In the 1960s, Helen Worth's Cooking Without Recipes declared that "canned vegetables offer more food value than market vegetables." In the 1990s, "organic and locally grown" food from farmers' markets suggests quality, safety, health and flavor.
Most Americans' health problems come from too much food, not too little. Today, 34 percent of adults are 20 percent or more over ideal body weight. And too many medical schools still teach nutrition simply as vitamin and mineral shortages.
At least one group, Cambridge's Oldways Preservation and Exchange Trust, wants to help. With the World Health Organization, Oldways researches the traditional diets of cultures that spend much less on health care and have much less obesity than we do. Its Mediterranean and Asian "diet pyramids" have been released; Latin American and vegetarian diet pyramids are forthcoming.
A worldwide scientific consensus on what constitutes healthy eating patterns was echoed this year by the revised 1995 U.S. Dietary Guidelines. But consensus doesn't control eating habits. Twenty years of testing an insoluble fat substitute called Olestra have resulted in new Pringles potato chips this year, despite enough diarrhea in clinical trials to require package warnings. And phen/fen is not a prison, but two appetite suppressants with side effects that cancel each other out.
The Oldways models are important, and the new dietary guidelines are steps in the right direction. Amphetamine-like drugs that stop working as soon as they are stopped and Olestra's "anal seepage" are steps in the wrong direction.
What hasn't been tried to treat obesity? Incentives to physicians to counsel, and to patients to take that counsel. Food, cooking and exercise belong in the discussion between doctors and patients as much as do potassium levels for patients on diuretics.
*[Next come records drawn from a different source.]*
lemma continuity_iff_continuity_v:
  assumes u0: "\<And>i k. u i 0 k = 0" and v0: "\<And>i k. v i 0 k = 0"
  shows "(\<forall>i j k. ps3_dx u i j k + ps3_dy v i j k = 0) \<longleftrightarrow> v = continuity_v u"
proof
  assume "\<forall>i j k. ps3_dx u i j k + ps3_dy v i j k = 0"
  then have v_Suc: "v i (Suc j) k = - (of_nat (i + 1) / of_nat (Suc j)) * u (i + 1) j k" for i j k
    using continuity_eq_iff by simp
  show "v = continuity_v u"
  proof (intro ext)
    fix i j k
    show "v i j k = continuity_v u i j k"
      by (cases j) (auto simp: continuity_v_def v0 u0 v_Suc)
  qed
next
  assume "v = continuity_v u"
  then show "\<forall>i j k. ps3_dx u i j k + ps3_dy v i j k = 0"
    by (simp add: continuity_eq_iff continuity_v_def u0)
qed

definition momentum_eq :: "real \<Rightarrow> (nat \<Rightarrow> nat \<Rightarrow> complex) \<Rightarrow> ps3 \<Rightarrow> ps3 \<Rightarrow> nat \<Rightarrow> nat \<Rightarrow> nat \<Rightarrow> bool" where
  "momentum_eq \<nu> U u v i j k \<longleftrightarrow>
     ps3_mult u (ps3_dx u) i j k + ps3_mult v (ps3_dy u) i j k + ps3_dt u i j k
     = ps3_dt (ps3_of_xt U) i j k + ps3_mult (ps3_of_xt U) (ps3_dx (ps3_of_xt U)) i j k
       + complex_of_real \<nu> * ps3_dy (ps3_dy u) i j k"

lemma prandtl_iff_momentum_continuity:
  "prandtl \<nu> U u v \<longleftrightarrow>
   (\<forall>i j k. momentum_eq \<nu> U u v i j k) \<and> (\<forall>i j k. ps3_dx u i j k + ps3_dy v i j k = 0)"
  unfolding prandtl_def momentum_eq_def ..

lemma ps3_mult_dx_self:
  assumes "\<And>i k. A i 0 k = 0"
  shows "ps3_mult A (ps3_dx A) i j k = (\<Sum>p\<le>i. \<Sum>q\<in>{1..j - 1}. \<Sum>r\<le>k.
    of_nat (i - p + 1) * A p q r * A (i - p + 1) (j - q) (k - r))"
  by (simp add: ps3_mult_eq_sum_y_interior assms ps3_dx_def mult_ac)

lemma ps3_mult_continuity_v_dy:
  "ps3_mult (continuity_v A) (ps3_dy A) i j k = - (\<Sum>p\<le>i. \<Sum>q\<in>{2..j}. \<Sum>r\<le>k.
    of_nat ((p + 1) * (j + 1 - q)) / of_nat q * A (p + 1) (q - 1) r * A (i - p) (j + 1 - q) (k - r))"
proof -
  have summand: "continuity_v A p q r * ps3_dy A (i - p) (j - q) (k - r) =
    - (of_nat ((p + 1) * (j + 1 - q)) / of_nat q * A (p + 1) (q - 1) r * A (i - p) (j + 1 - q) (k - r))"
    if "q \<in> {2..j}" for p q r
    using that
    by (simp add: continuity_v_def ps3_dy_def Suc_diff_le of_nat_mult mult_ac) (simp add: algebra_simps)
  have "ps3_mult (continuity_v A) (ps3_dy A) i j k =
    (\<Sum>p\<le>i. \<Sum>q\<in>{2..j}. \<Sum>r\<le>k. continuity_v A p q r * ps3_dy A (i - p) (j - q) (k - r))"
    by (rule ps3_mult_eq_sum_y_from_2) (simp_all add: continuity_v_def)
  also have "\<dots> = (\<Sum>p\<le>i. \<Sum>q\<in>{2..j}. \<Sum>r\<le>k. - (of_nat ((p + 1) * (j + 1 - q)) / of_nat q
      * A (p + 1) (q - 1) r * A (i - p) (j + 1 - q) (k - r)))"
    by (intro sum.cong refl summand) simp
  finally show ?thesis
    by (simp add: sum_negf)
qed
(* Let $G=(V,E)$ be a control flow graph, let $p$ be a predicate node with successors $s_1,s_2$ in $G$ and with at least two successors in $A_p$. Assume $V_1\cap V_2=\emptyset$ and let $U=V_p\setminus(V_1\cup V_2)$. Then there exist nodes $a,b$ that are DOD on $p$ if and only if the cycle $C$ of $A_p$ has an unfolding belonging to the language $V_1.U^*.(V_2.U^* )^*.V_2.U^*.(V_1.U^* )^*$.
   Context: A control flow graph (CFG) is a finite directed graph $G=(V,E)$ in which every node has at most two outgoing edges; nodes with exactly two outgoing edges are predicate nodes. A path from $n_1$ is a nonempty finite or infinite sequence of nodes with each adjacent pair an edge; it is maximal if it is infinite or its last node has no successor. $V_p$ is the set of nodes occurring on all maximal paths from $p$ in $G$. For $V'\subseteq V$, a $V'$-interval from $x$ to $y$ is a finite path $n_1\ldots n_k$ in $G$ with $k\ge 2$, $n_1=x\in V'$, $n_k=y\in V'$, and $n_i\notin V'$ for $1<i<k$. $A_p$ is the directed graph with node set $V_p$ and an edge $(x,y)$ iff there is a $V_p$-interval from $x$ to $y$ in $G$. The cycle $C$ of $A_p$ is the subgraph of $A_p$ induced by $V_p\setminus\{p\}$; an unfolding of $C$ is a path in $C$ containing each node of $C$ exactly once, viewed as a word over the alphabet $V_p$. For $i\in\{1,2\}$, $V_i$ is the set of nodes $n\in V_p$ such that there is a finite path in $G$ from $s_i$ to $n$ whose nodes other than the last one all lie outside $V_p$ (possibly $n=s_i$). For three distinct nodes $p,a,b$ with $p$ a predicate node with successors $s_1,s_2$, the nodes $a,b$ are DOD on $p$ if all maximal paths from $p$ contain both $a$ and $b$, all maximal paths from $s_1$ contain $a$ before any occurrence of $b$, and all maximal paths from $s_2$ contain $b$ before any occurrence of $a$. Concatenation and Kleene star of sets of nodes are the usual regular-language operations. *)

theory Defs
  imports Main
begin

definition cfg :: "'a set \<Rightarrow> ('a \<times> 'a) set \<Rightarrow> bool" where
  "cfg V E \<longleftrightarrow> finite V \<and> E \<subseteq> V \<times> V \<and> (\<forall>x\<in>V. card (E `` {x}) \<le> 2)"

definition fpath :: "'a set \<Rightarrow> ('a \<times> 'a) set \<Rightarrow> 'a list \<Rightarrow> bool" where
  "fpath V E xs \<longleftrightarrow> xs \<noteq> [] \<and> set xs \<subseteq> V \<and>
     (\<forall>i. Suc i < length xs \<longrightarrow> (xs ! i, xs ! Suc i) \<in> E)"

definition ipath :: "'a set \<Rightarrow> ('a \<times> 'a) set \<Rightarrow> (nat \<Rightarrow> 'a) \<Rightarrow> bool" where
  "ipath V E f \<longleftrightarrow> (\<forall>i. f i \<in> V \<and> (f i, f (Suc i)) \<in> E)"

text \<open>A maximal finite path ends in a node without successor; infinite paths are maximal.\<close>

definition maxfpath :: "'a set \<Rightarrow> ('a \<times> 'a) set \<Rightarrow> 'a list \<Rightarrow> bool" where
  "maxfpath V E xs \<longleftrightarrow> fpath V E xs \<and> E `` {last xs} = {}"
(* Let $t \ge 1$, $n = t^2$, and let $b_1 < b_2 < \dots < b_t$ be positive integers forming a free $3$-arithmetic-progression sequence. Let $H_s$ be the binary matrix with $n$ columns defined in the context. Then the Tanner graph of $H_s$ has girth $8$, and the binary linear code with parity-check matrix $H_s$ has minimum distance at least $6$.
   Context: A sequence of integers is a free $3$-arithmetic-progression ($3$-AP) sequence if no three distinct elements $x,y,z$ of it satisfy $x + y = 2z$. The matrix $H_s$: set $c_1 = t-1$ and $c_2 = t-1+b_t$. Each column $j \in \{1,\dots,n\}$ is assigned a pair $(a_j, i_j) \in \{1,\dots,t\}\times\{1,\dots,t\}$ such that each value $a \in \{1,\dots,t\}$ equals $a_j$ for exactly $t$ columns, and columns $\ell \neq k$ with $a_\ell = a_k$ have $i_\ell \neq i_k$ (so $j \mapsto (a_j,i_j)$ is a bijection onto $\{1,\dots,t\}^2$). Column $j$ of $H_s$ has exactly three entries equal to $1$, in rows $$ r_{1j} = a_j,\qquad r_{2j} = c_1 + b_{i_j} + r_{1j},\qquad r_{3j} = c_2 + a_j + r_{2j}, $$ and all other entries $0$ (the number of rows is any number at least the largest row index used; rows with no $1$ do not matter). The rows $1,\dots,t$, the rows containing the entries $r_{2j}$, and the rows containing the entries $r_{3j}$ form three disjoint ranges. The Tanner graph of $H_s$ is the bipartite graph with one vertex per row and one per column, a row adjacent to a column iff the corresponding entry is $1$; its girth is the length of its shortest cycle. The code with parity-check matrix $H_s$ is $\{x \in \mathbb{F}_2^n : H_s x = 0\}$, and its minimum distance is the minimum Hamming weight of a nonzero codeword. *)

theory Defs
  imports Main "HOL-Library.Extended_Nat"
begin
This year, the U.S. Department of Transportation released a report analyzing more than 800,000 traffic collisions that took place in seven states in 1990. Only two-thirds of the drivers involved used seat belts, but $68 million would have been saved if all had used them. Hospital costs for unbelted drivers were $5,000 higher (55 percent higher) than for unbelted drivers.
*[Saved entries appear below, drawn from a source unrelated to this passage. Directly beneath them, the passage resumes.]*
lemma GE_consumption_rescaling:
  assumes GE: "GE p x y" and c_pos: "\<And>k. 0 < c k"
    and budget: "(\<Sum>k\<in>UNIV. c k * (p (Some k) * x None (Some k))) \<le> income p x y"
  shows "(\<Prod>k\<in>UNIV. c k powr a0 k) \<le> 1"
proof -
  define z where "z k = (case k of None \<Rightarrow> 0 | Some m \<Rightarrow> c m * x None (Some m))" for k
  have "utility a0 z \<le> utility a0 (x None)"
  proof (rule GE_household_optimal[OF GE])
    show "nonneg z"
      using c_pos GE_consumption_nonneg[OF GE]
      by (auto simp: z_def nonneg_def less_imp_le split: option.split)
    show "dotp p z \<le> income p x y"
      using budget by (simp add: z_def dotp_def sum_UNIV_option algebra_simps)
  qed
  moreover have "utility a0 z = (\<Prod>k\<in>UNIV. c k powr a0 k) * utility a0 (x None)"
    unfolding z_def utility_rescale using c_pos by (simp add: cpow_eq_powr)
  ultimately show ?thesis
    using GE_utility_pos[OF GE] by (simp add: mult_le_cancel_right2)
qed

lemma GE_household_demand:
  assumes GE: "GE p x y"
  shows GE_no_leisure: "x None None = 0"
    and GE_expenditure_share: "p (Some j) * x None (Some j) = a0 j * income p x y"
proof -
  define e where "e k = p (Some k) * x None (Some k)" for k
  define I where "I = income p x y"
  have e_pos: "0 < e k" for k
    using GE_goods_price_pos[OF GE] GE_consumption_pos[OF GE] by (simp add: e_def)
  define S where "S = (\<Sum>k\<in>UNIV. e k)"
  have S_pos: "0 < S" using e_pos by (simp add: S_def sum_pos)
  have rescaling: "(\<Prod>k\<in>UNIV. c k powr a0 k) \<le> 1"
    if "\<And>k. 0 < c k" "(\<Sum>k\<in>UNIV. c k * e k) \<le> I" for c
    using GE_consumption_rescaling[OF GE that(1)] that(2) by (simp add: e_def I_def)
  have I_pos: "0 < I" using GE_income_pos[OF GE] by (simp add: I_def)
  \<comment> \<open>scaling all consumption by \<open>I / S\<close> shows that the budget constraint binds\<close>
  have "(\<Sum>k\<in>UNIV. I / S * e k) = I"
    unfolding sum_distrib_left[symmetric] S_def[symmetric] using S_pos by simp
  then have "(\<Prod>k\<in>UNIV. (I / S) powr a0 k) \<le> 1"
    using S_pos I_pos by (intro rescaling) simp_all
  moreover have "(\<Prod>k\<in>UNIV. (I / S) powr a0 k) = I / S"
    using S_pos I_pos by (simp add: powr_sum[of "I / S" a0 UNIV, symmetric] a0_sum)
  ultimately have "I \<le> S"
    using S_pos by simp
  moreover have "p None * x None None + S \<le> I"
    using GE_budget[OF GE] by (simp add: dotp_def sum_UNIV_option e_def I_def S_def)
  moreover have "0 \<le> p None * x None None"
    using GE_price_nonneg[OF GE] GE_consumption_nonneg[OF GE] by simp
  ultimately have S_eq: "S = I" and "p None * x None None = 0"
    by linarith+
  then show "x None None = 0"
    using GE_labor_price_pos[OF GE] by simp
  have "e j = a0 j * S"
    unfolding S_def using a0_sum e_pos
    by (rule cobb_douglas_expenditure_shares) (simp add: rescaling S_eq[unfolded S_def])
  then show "p (Some j) * x None (Some j) = a0 j * income p x y"
    by (simp add: S_eq e_def I_def)
qed

lemma GE_input_expenditure:
  assumes GE: "GE p x y"
  shows "p k * x (Some i) k = a i k * revenue p y i"
proof -
  have scaled: "revenue p y i * t powr a i k - t * (p k * x (Some i) k) \<le> revenue p y i - p k * x (Some i) k"
    if t: "0 < t" for t
  proof -
    define z where "z = (x (Some i))(k := t * x (Some i) k)"
    have "nonneg z"
      using GE_inputs_nonneg[OF GE] t by (simp add: z_def nonneg_def)
    from GE_firm_optimal[OF GE this, where i = i] show ?thesis
      using GE_output[OF GE, of i] t
      by (simp add: z_def profit_def prodfun_update_scale dotp_update revenue_def algebra_simps)
  qed
  have "a i k * revenue p y i = p k * x (Some i) k"
    by (rule powr_scaling_max_imp_eq[where A = "revenue p y i" and B = "p k * x (Some i) k"])
      (rule scaled)
  then show ?thesis ..
qed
Most people are shielded from the cost of accidents as they are from the cost of health care. On average, people pay only about 15 percent out of pocket, according to American Medical News; the rest is picked up by auto insurers and others. Like other patients, accident victims seldom see the real cost of hospitalization, paid by insurers or managed care organizations and ultimately by employers or others in the form of premiums.
Seat belts, too, raise an ethical concern, because in managed care, all members pay for each others' afflictions. Accidents may not be preventable, but if members know their cost will be lower if all members' seat belts and helmets are on, then members and doctors should make sure they're on.
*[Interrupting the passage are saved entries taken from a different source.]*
lemma adjacent_pairs_insert_0:
  assumes "finite S"
  shows "adjacent_pairs (insert 0 (Suc ` S)) = adjacent_pairs S + (if 0 \<in> S then 1 else 0)"
proof -
  have "{i\<in>insert 0 (Suc ` S). Suc i \<in> insert 0 (Suc ` S)} =
        (if 0 \<in> S then {0} else {}) \<union> Suc ` {i\<in>S. Suc i \<in> S}" by auto
  then show ?thesis using assms by (auto simp: adjacent_pairs_def card_image)
qed

lemma interior_unit_runs_eq_adjacent_pairs:
  "y \<noteq> [] \<Longrightarrow> interior_unit_runs (runs y) = adjacent_pairs (changes y)"
proof (induction y)
  case (Cons x ys)
  show ?case
  proof (cases ys)
    case Nil
    then show ?thesis by (simp add: interior_unit_runs_def adjacent_pairs_def runs.simps)
  next
    case (Cons y0 ys')
    obtain k R where kR: "runs ys = Suc k # R" using Cons runs_ConsE by metis
    have IH: "interior_unit_runs (Suc k # R) = adjacent_pairs (changes ys)"
      using Cons.IH Cons kR by simp
    show ?thesis
    proof (cases "x = y0")
      case True
      then show ?thesis using IH kR Cons
        by (simp add: runs_Cons_Cons changes_Cons interior_unit_runs_def)
    next
      case False
      have "(k = 0 \<and> R \<noteq> []) \<longleftrightarrow> 0 \<in> changes ys"
        using first_run_unit_iff_0_in_changes[of ys] kR Cons by simp
      then show ?thesis using IH kR Cons False
        by (auto simp: runs_Cons_Cons changes_Cons adjacent_pairs_insert_0 interior_unit_runs_def)
    qed
  qed
qed simp

lemma unit_runs_minus_end_unit_runs:
  fixes R :: "nat list"
  assumes "R \<noteq> []"
  shows "length (filter (\<lambda>l. l = 1) R)
           - card {i. i < length R \<and> (i = 0 \<or> i = length R - 1) \<and> R ! i = 1}
         = interior_unit_runs R"
proof -
  obtain a S where R: "R = a # S" using assms by (cases R) auto
  show ?thesis
  proof (cases S rule: rev_cases)
    case Nil
    then have "{i. i < length R \<and> (i = 0 \<or> i = length R - 1) \<and> R ! i = 1} = (if a = 1 then {0} else {})"
      using R by auto
    then show ?thesis using R Nil by (simp add: interior_unit_runs_def)
  next
    case (snoc S' l)
    have "R ! 0 = a" "R ! Suc (length S') = l" "length R = Suc (Suc (length S'))"
      using R snoc by (auto simp: nth_append)
    then have "{i. i < length R \<and> (i = 0 \<or> i = length R - 1) \<and> R ! i = 1} =
          (if a = 1 then {0} else {}) \<union> (if l = 1 then {Suc (length S')} else {})"
      by (auto simp del: length_greater_0_conv; metis gr0I)
    then show ?thesis using R snoc by (simp add: interior_unit_runs_def)
  qed
qed

lemma z_lower_bound:
  assumes "y \<noteq> []"
  defines "r \<equiv> real (card (changes y)) + 1"
  shows "1 / r - real (adjacent_pairs (changes y)) / r ^ 3 \<le> z y"
proof -
  have "runs y \<noteq> []" using length_runs_eq_card_changes[OF assms(1)] by auto
  then have pairs: "num_unit_runs y - num_end_unit_runs y = adjacent_pairs (changes y)"
    using unit_runs_minus_end_unit_runs interior_unit_runs_eq_adjacent_pairs[OF assms(1)]
    by (simp add: num_unit_runs_def num_end_unit_runs_def)
  have le: "num_end_unit_runs y \<le> num_unit_runs y"
    unfolding num_end_unit_runs_def num_unit_runs_def length_filter_conv_card
    by (rule card_mono) auto
  have "num_runs y = r" by (simp add: num_runs_def r_def length_runs_eq_card_changes[OF assms(1)])
  moreover have "r > 0" by (simp add: r_def)
  ultimately show ?thesis using pairs le
    by (auto simp: z_def f'_def of_nat_diff[symmetric] field_simps power3_eq_cube power2_eq_square)
qed

subsection \<open>Counting strings by change positions\<close>

lemma nth_Suc_eq_changes:
  fixes y :: "bool list"
  shows "Suc i < length y \<Longrightarrow> y ! Suc i = (if i \<in> changes y then \<not> y ! i else y ! i)"
  by (auto simp: changes_def)

lemma inj_on_hd_changes: "inj_on (\<lambda>y :: bool list. (hd y, changes y)) {y. length y = m}"
proof (rule inj_onI)
  fix y y' :: "bool list"
  assume y: "y \<in> {y. length y = m}" and y': "y' \<in> {y. length y = m}"
    and eq: "(hd y, changes y) = (hd y', changes y')"
  have "i < m \<longrightarrow> y ! i = y' ! i" for i
  proof (induction i)
    case 0
    show ?case
    proof
      assume "0 < m"
      then have "y \<noteq> []" "y' \<noteq> []" using y y' by auto
      then show "y ! 0 = y' ! 0" using eq by (simp add: hd_conv_nth)
    qed
  next
    case (Suc i)
    show ?case using Suc y y' eq nth_Suc_eq_changes[of i y] nth_Suc_eq_changes[of i y'] by auto
  qed
  then show "y = y'" using y y' by (auto intro: nth_equalityI)
qed

lemma bij_betw_hd_changes:
  assumes "m \<ge> 1"
  shows "bij_betw (\<lambda>y. (hd y, changes y)) {y :: bool list. length y = m} (UNIV \<times> Pow {..<m-1})"
proof -
  let ?f = "\<lambda>y :: bool list. (hd y, changes y)"
  have "?f ` {y. length y = m} \<subseteq> UNIV \<times> Pow {..<m-1}"
    by (auto simp: changes_def)
  moreover have "card (?f ` {y. length y = m}) = card (UNIV \<times> Pow {..<m-1} :: (bool \<times> nat set) set)"
    using assms card_image[OF inj_on_hd_changes] card_lists_length_eq[of "UNIV :: bool set" m]
    by (simp add: card_cartesian_product card_Pow power_Suc[symmetric])
  ultimately have "?f ` {y. length y = m} = UNIV \<times> Pow {..<m-1}"
    by (intro card_subset_eq) auto
  then show ?thesis using inj_on_hd_changes by (simp add: bij_betw_def)
qed

lemma sum_lists_changes:
  fixes g :: "nat set \<Rightarrow> 'a :: comm_semiring_1"
  assumes "m \<ge> 1"
  shows "(\<Sum>y\<in>{y :: bool list. length y = m}. g (changes y)) = 2 * (\<Sum>S\<in>Pow {..<m-1}. g S)"
proof -
  have "(\<Sum>y\<in>{y :: bool list. length y = m}. g (changes y))
          = (\<Sum>p\<in>(UNIV :: bool set) \<times> Pow {..<m-1}. g (snd p))"
    using sum.reindex_bij_betw[OF bij_betw_hd_changes[OF assms], of "g \<circ> snd"] by simp
  also have "\<dots> = 2 * (\<Sum>S\<in>Pow {..<m-1}. g S)"
    by (simp add: sum.cartesian_product' UNIV_bool mult_2)
  finally show ?thesis .
qed

subsection \<open>Sums over subsets by cardinality\<close>

lemma sum_Pow_card:
  fixes h :: "nat \<Rightarrow> 'a :: comm_semiring_1"
  assumes "finite A"
  shows "(\<Sum>S\<in>Pow A. h (card S)) = (\<Sum>j\<le>card A. of_nat (card A choose j) * h j)"
proof -
  have "(\<Sum>S\<in>Pow A. h (card S)) = (\<Sum>S\<in>Pow A. \<Sum>j\<le>card A. if card S = j then h j else 0)"
    using assms by (intro sum.cong) (auto simp: card_mono)
  also have "\<dots> = (\<Sum>j\<le>card A. \<Sum>S\<in>Pow A. if card S = j then h j else 0)"
    by (rule sum.swap)
  also have "\<dots> = (\<Sum>j\<le>card A. of_nat (card A choose j) * h j)"
  proof (rule sum.cong[OF refl])
    fix j
    have "(\<Sum>S\<in>Pow A. if card S = j then h j else 0) = (\<Sum>S\<in>{S\<in>Pow A. card S = j}. h j)"
      using assms by (intro sum.inter_filter[symmetric]) simp
    also have "{S\<in>Pow A. card S = j} = {S. S \<subseteq> A \<and> card S = j}" by auto
    finally show "(\<Sum>S\<in>Pow A. if card S = j then h j else 0) = of_nat (card A choose j) * h j"
      using n_subsets[OF assms, of j] by simp
  qed
  finally show ?thesis .
qed

lemma sum_supsets_card:
  fixes h :: "nat \<Rightarrow> 'a :: comm_semiring_1"
  assumes "finite A" and "B \<subseteq> A"
  shows "(\<Sum>S\<in>{S\<in>Pow A. B \<subseteq> S}. h (card S))
           = (\<Sum>j\<le>card A - card B. of_nat (card A - card B choose j) * h (j + card B))"
proof -
  have B: "finite B" using assms finite_subset by blast
  have "{S\<in>Pow A. B \<subseteq> S} = (\<lambda>E. E \<union> B) ` Pow (A - B)"
  proof (intro equalityI subsetI)
    fix S assume "S \<in> {S\<in>Pow A. B \<subseteq> S}"
    then show "S \<in> (\<lambda>E. E \<union> B) ` Pow (A - B)" by (intro image_eqI[of _ _ "S - B"]) auto
  qed (use assms in auto)
  moreover have "inj_on (\<lambda>E. E \<union> B) (Pow (A - B))"
    by (rule inj_onI) blast
  moreover have "card (E \<union> B) = card E + card B" if "E \<in> Pow (A - B)" for E
    using that assms B by (intro card_Un_disjoint) (auto intro: finite_subset)
  ultimately have "(\<Sum>S\<in>{S\<in>Pow A. B \<subseteq> S}. h (card S)) = (\<Sum>E\<in>Pow (A - B). h (card E + card B))"
    by (simp add: sum.reindex)
  also have "\<dots> = (\<Sum>j\<le>card A - card B. of_nat (card A - card B choose j) * h (j + card B))"
    using sum_Pow_card[of "A - B" "\<lambda>j. h (j + card B)"] assms by (simp add: card_Diff_subset B)
  finally show ?thesis .
qed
Slimming down, stopping smoking and wearing seat belts would probably have more impact on health care costs and quality of life than any other three behavior changes. Managed care should have the courage and vision to promote them as treatment for the illnesses they engender. Physicians should lead this health effort, because patients listen when physicians counsel about life style. Smoking, food and seat belt choices are power — economic power. We can help patients unleash this power by encouraging personal responsibility, the very foundation of morality.
Just as Oldways wants people to "vote with their forks," doctors should vote with their incentives. Financial incentives to physicians should reflect the number of referrals to stop-smoking classes and the documentation of seat belt and helmet advice (even in an unrelated office visit) and of spoken tips about diet, fat and exercise.
Making public health a private business might just include people who have been left out of managed care — the uninsured — for every patient's good.